Une rapide reprise d'érosion due au déboisement des pentes montagneuses produit des ravines qui érodent arène et granite altéré et laissent entrevoir les « boules saines ». Si l'ensemble de l'arène et du granite altéré est érodé, un chaos granitique assez semblable à ceux de Devils Marbles apparaîtra.

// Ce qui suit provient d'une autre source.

(* Let $n\ge2$ and let $X_1,\ldots,X_n$ be independent and identically distributed random vectors in $\mathbb{R}^n$ such that $X_1,\ldots,X_{n-1}$ are linearly independent almost surely, and assume moreover that they are bounded (there is $r>0$ with $\|X_j\|<r$ a.s.). Let $$Y=\frac{\wedge(X_1,\ldots,X_{n-1})}{\|\wedge(X_1,\ldots,X_{n-1})\|_\infty}.$$ Then: (1) for every $y\in\mathcal{C}_{n-1}(Y)$ one has $0\in\mathcal{C}_1(X_n\cdot y)$; (2) $0\in\mathcal{C}_1(X_n\cdot Y)$; (3) $\mathbb{E}\left[\dfrac{1}{|X_n\cdot Y|}\right]=+\infty$.
   Context: The generalized cross product $\wedge:(\mathbb{R}^n)^{n-1}\to\mathbb{R}^n$ is the formal determinant of the $n\times n$ matrix whose first row is $(\mathbf e_1,\ldots,\mathbf e_n)$ (canonical basis vectors) and whose $(j+1)$-th row is $(x_j(1),\ldots,x_j(n))$; it is orthogonal to each $x_j$ and vanishes iff $x_1,\ldots,x_{n-1}$ are linearly dependent. $\|v\|_\infty=\max_i|v(i)|$; $\cdot$ is the Euclidean inner product. For a random vector $Z$ in $\mathbb{R}^k$ and an integer $m\ge0$, the $m$-dimensional mould $\mathcal{C}_m(Z)$ is the set of all $z\in\mathbb{R}^k$ such that $\liminf_{\epsilon\to0^+}\mathbb{P}(\|Z-z\|_2<\epsilon)/\epsilon^m>0$. In (1) and (2), $X_n\cdot y$ and $X_n\cdot Y$ are real random variables. *)

theory Defs
  imports "HOL-Probability.Probability"
begin

definition idx_rank :: "'n::{finite,linorder} \<Rightarrow> nat" where
  "idx_rank r = card {s. s < r}"

text \<open>Generalized cross product of x 1, ..., x (n-1) in R^n: the formal determinant
  whose first row is (e_1,...,e_n) and whose (j+1)-th row is x j.  Its i-th component is
  the coefficient of e_i, i.e. the determinant with e_i placed in the first row.\<close>
definition gen_cross :: "(nat \<Rightarrow> real^('n::{finite,linorder})) \<Rightarrow> real^('n::{finite,linorder})" where
  "gen_cross x = (\<chi> i. det (\<chi> r c. if idx_rank r = 0 then axis i 1 $ c
                                     else x (idx_rank r) $ c))"

definition mould :: "'a measure \<Rightarrow> nat \<Rightarrow> ('a \<Rightarrow> 'b::real_normed_vector) \<Rightarrow> 'b set" where
  "mould M m Z = {z. Liminf (at_right (0::real))
       (\<lambda>\<epsilon>. ereal (measure M {\<omega> \<in> space M. norm (Z \<omega> - z) < \<epsilon>} / \<epsilon> ^ m)) > 0}"

end

theory Submission
  imports Defs
begin

text \<open>
  The first \<open>n - 1\<close> vectors are orthogonal to \<open>Y\<close>, so whenever \<open>Y\<close> is \<open>\<epsilon>\<close>-close to \<open>y\<close>
  they all satisfy \<open>\<bar>X j \<bullet> y\<bar> < r \<epsilon>\<close>; by independence and equal distribution,
  \<open>P(\<parallel>Y - y\<parallel> < \<epsilon>) \<le> P(\<bar>X n \<bullet> y\<bar> < r \<epsilon>) ^ (n - 1)\<close>. For \<open>y\<close> in the \<open>(n - 1)\<close>-mould the
  left side is of order \<open>\<epsilon> ^ (n - 1)\<close>, which gives (1).

  For (2), cover the unit sphere of the maximum norm, on which \<open>Y\<close> lies, by \<open>O(\<epsilon> ^ (1 - n))\<close>
  cubes of side \<open>\<epsilon> / n\<close>. The cubes whose probability is at least half the average carry half
  of the distribution of \<open>Y\<close>, and the estimate above at their centres \<open>c\<close> gives
  \<open>P(\<bar>X n \<bullet> c\<bar> < r \<epsilon>) \<ge> \<epsilon> / C\<close>. As \<open>Y\<close> and \<open>X n\<close> are independent,
  \<open>P(\<bar>X n \<bullet> Y\<bar> < 2 r \<epsilon>) \<ge> \<epsilon> / (2 C)\<close>. Summing this linear small-ball bound over dyadic
  scales gives (3).
\<close>

section \<open>The generalized cross product\<close>

lemma idx_rank_less: "idx_rank (r::'n::{finite,linorder}) < CARD('n)"
  unfolding idx_rank_def by (rule psubset_card_mono) auto

lemma inj_idx_rank: "inj (idx_rank :: 'n::{finite,linorder} \<Rightarrow> nat)"
proof -
  have "idx_rank r < idx_rank s" if "r < s" for r s :: 'n
    unfolding idx_rank_def by (rule psubset_card_mono) (use that in auto)
  then show ?thesis by (metis injI less_irrefl neq_iff)
qed

lemma range_idx_rank: "range (idx_rank :: 'n::{finite,linorder} \<Rightarrow> nat) = {..<CARD('n)}"
proof (rule card_subset_eq)
  show "range (idx_rank :: 'n \<Rightarrow> nat) \<subseteq> {..<CARD('n)}" using idx_rank_less by auto
  show "card (range (idx_rank :: 'n \<Rightarrow> nat)) = card {..<CARD('n)}"
    using card_image[OF inj_idx_rank] by simp
qed simp

lemma idx_rank_surj:
  assumes "k < CARD('n)" obtains r :: "'n::{finite,linorder}" where "idx_rank r = k"
  using assms range_idx_rank[where 'n='n] by (metis imageE lessThan_iff)

definition cross_matrix ::
    "real^('n::{finite,linorder}) \<Rightarrow> (nat \<Rightarrow> real^('n::{finite,linorder})) \<Rightarrow>
      real^('n::{finite,linorder})^('n::{finite,linorder})" where
  "cross_matrix v x = (\<chi> r. if idx_rank r = 0 then v else x (idx_rank r))"

lemma row_cross_matrix:
  "row r (cross_matrix v x) = (if idx_rank r = 0 then v else x (idx_rank r))"
  by (simp add: cross_matrix_def row_def)

lemma gen_cross_nth:
  fixes x :: "nat \<Rightarrow> real^('n::{finite,linorder})"
  shows "gen_cross x $ i = det (cross_matrix (axis i 1) x)"
  unfolding gen_cross_def cross_matrix_def by (simp, rule arg_cong[where f=det]) (simp add: vec_eq_iff)

lemma inner_gen_cross:
  fixes x :: "nat \<Rightarrow> real^('n::{finite,linorder})"
  shows "gen_cross x \<bullet> v = det (cross_matrix v x)"
proof -
  obtain r0 :: 'n where r0: "idx_rank r0 = 0" using idx_rank_surj[of 0] by auto
  have rank0_iff: "idx_rank r = 0 \<longleftrightarrow> r = r0" for r :: 'n
    using inj_idx_rank r0 by (metis injD)
  define c where "c r = x (idx_rank r)" for r :: 'n
  have cm: "cross_matrix w x = (\<chi> r. if r = r0 then w else c r)" for w
    unfolding cross_matrix_def c_def by (simp add: rank0_iff)
  have "det (cross_matrix v x) = det (\<chi> r. if r = r0 then (\<Sum>i\<in>UNIV. (v$i) *s axis i 1) else c r)"
    unfolding cm basis_expansion ..
  also have "\<dots> = (\<Sum>i\<in>UNIV. v$i * det (\<chi> r. if r = r0 then axis i (1::real) else c r))"
    by (simp add: det_linear_row_sum det_row_mul)
  also have "\<dots> = (\<Sum>i\<in>UNIV. v$i * gen_cross x $ i)"
    by (simp add: gen_cross_nth cm)
  also have "\<dots> = gen_cross x \<bullet> v"
    by (simp add: inner_vec_def mult.commute)
  finally show ?thesis by simp
qed

lemma gen_cross_orthogonal:
  fixes x :: "nat \<Rightarrow> real^('n::{finite,linorder})"
  assumes "1 \<le> k" "k < CARD('n)"
  shows "gen_cross x \<bullet> x k = 0"
proof -
  obtain r0 :: 'n where r0: "idx_rank r0 = 0" using idx_rank_surj[of 0] by auto
  obtain rk :: 'n where rk: "idx_rank rk = k" using idx_rank_surj[of k] assms by auto
  have "rk \<noteq> r0" "row r0 (cross_matrix (x k) x) = row rk (cross_matrix (x k) x)"
    using r0 rk assms by (auto simp: row_cross_matrix)
  then have "det (cross_matrix (x k) x) = 0" by (metis det_identical_rows)
  then show ?thesis by (simp add: inner_gen_cross)
qed

lemma rows_cross_matrix:
  fixes v :: "real^('n::{finite,linorder})"
  shows "rows (cross_matrix v x) = insert v (x ` {1..CARD('n)-1})"
proof -
  have "rows (cross_matrix v x) = (\<lambda>r. row r (cross_matrix v x)) ` UNIV"
    unfolding rows_def by auto
  also have "\<dots> = (\<lambda>k. if k = 0 then v else x k) ` range (idx_rank :: 'n \<Rightarrow> nat)"
    unfolding row_cross_matrix image_image ..
  also have "\<dots> = (\<lambda>k. if k = 0 then v else x k) ` {..<CARD('n)}"
    by (simp add: range_idx_rank)
  also have "{..<CARD('n)} = insert 0 {1..CARD('n)-1}"
    by auto
  finally show ?thesis by auto
qed

lemma gen_cross_nonzero:
  fixes x :: "nat \<Rightarrow> real^('n::{finite,linorder})"
  assumes inj: "inj_on x {1..CARD('n)-1}" and ind: "independent (x ` {1..CARD('n)-1})"
  shows "gen_cross x \<noteq> 0"
proof -
  define S where "S = x ` {1..CARD('n)-1}"
  have card_S: "card S = CARD('n) - 1" unfolding S_def using card_image[OF inj] by simp
  have "dim S \<le> CARD('n) - 1"
    using dim_le_card'[of S] card_S by (simp add: S_def)
  then have "dim S < CARD('n)"
    using zero_less_card_finite[where 'a='n] by linarith
  then obtain v where v: "v \<notin> span S" using dim_eq_full[of S] by auto
  have "independent (insert v S)" "card (insert v S) = CARD('n)"
    using ind v card_S span_base[of v S] by (auto simp: S_def independent_insert card_insert_if)
  then have "rank (cross_matrix v x) = CARD('n)"
    by (simp add: row_rank_def rows_cross_matrix S_def dim_eq_card_independent)
  then have "det (cross_matrix v x) \<noteq> 0" by (simp add: det_eq_0_rank)
  then show ?thesis using inner_gen_cross[of x v] by auto
qed

lemma gen_cross_cong:
  fixes x y :: "nat \<Rightarrow> real^('n::{finite,linorder})"
  assumes "\<And>k. 1 \<le> k \<Longrightarrow> k < CARD('n) \<Longrightarrow> x k = y k"
  shows "gen_cross x = gen_cross y"
proof -
  have "cross_matrix v x = cross_matrix v y" for v
    using assms idx_rank_less[where 'n='n] by (auto simp: cross_matrix_def)
  then show ?thesis by (metis inner_gen_cross vector_eq_rdot)
qed

lemma gen_cross_measurable:
  fixes F :: "nat \<Rightarrow> 'b \<Rightarrow> real^('n::{finite,linorder})"
  assumes F: "\<And>k. 1 \<le> k \<Longrightarrow> k < CARD('n) \<Longrightarrow> F k \<in> borel_measurable N"
  shows "(\<lambda>\<omega>. gen_cross (\<lambda>k. F k \<omega>)) \<in> borel_measurable N"
proof -
  have entry: "(\<lambda>\<omega>. (if idx_rank r = 0 then axis i 1 $ c else F (idx_rank r) \<omega> $ c)) \<in> borel_measurable N"
    for i r c :: 'n
  proof (cases "idx_rank r = 0")
    case False
    then have "F (idx_rank r) \<in> borel_measurable N" using F idx_rank_less[of r] by simp
    then show ?thesis using False measurable_compose[OF _ borel_measurable_nth] by simp
  qed simp
  show ?thesis
    unfolding borel_measurable_euclidean_space[where 'c="real^('n::{finite,linorder})"]
    using entry by (auto simp: Basis_vec_def inner_axis gen_cross_def det_def)
qed

lemma abs_inner_le_of_inner_eq_0:
  fixes x y u :: "'a::real_inner"
  assumes "x \<bullet> u = 0"
  shows "\<bar>x \<bullet> y\<bar> \<le> norm x * norm (y - u)"
  using Cauchy_Schwarz_ineq2[of x "y - u"] assms by (simp add: inner_diff_right)

lemma borel_measurable_infnorm_normalize:
  "(\<lambda>v::real^'n. (1 / infnorm v) *\<^sub>R v) \<in> borel_measurable borel"
proof -
  have "infnorm \<in> borel_measurable (borel :: (real^'n) measure)"
    by (intro borel_measurable_continuous_onI continuous_on_infnorm continuous_on_id)
  then show ?thesis by measurable
qed

section \<open>Cubes covering the unit sphere of the maximum norm\<close>

definition cube_index :: "real \<Rightarrow> real^'n \<Rightarrow> int^'n" where
  "cube_index h y = (\<chi> j. \<lfloor>y$j / h\<rfloor>)"

definition cube_center :: "real \<Rightarrow> int^'n \<Rightarrow> real^'n" where
  "cube_center h v = (\<chi> j. h * (of_int (v$j) + 1/2))"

Figure 20. Localisation de la savane malgache photographiée


Figure 21. Schéma de la genèse des chaos granitiques

La partie haute de ce shéma est identique au schéma précédent. Pour la partie basse du schéma, la moitié supérieure de l'arène et du granite altéré a été enlevée grâce à la magie des logiciels de dessin, équivalents d'une érosion intense. Et comme les blocs de granite sain ainsi partiellement ou totalement dégagés ne pouvaient pas continuer à rester en déséquilibre ou à flotter "en l'air", ces blocs ont basculé (avec le logiciel de dessin), se sont effondrés et parfois fracturés. Ainsi sont nés les chaos granitiques de Devils Marbles en Australie, et les innombrables autres chaos, comme ceux que nous verrons en France la semaine prochaine.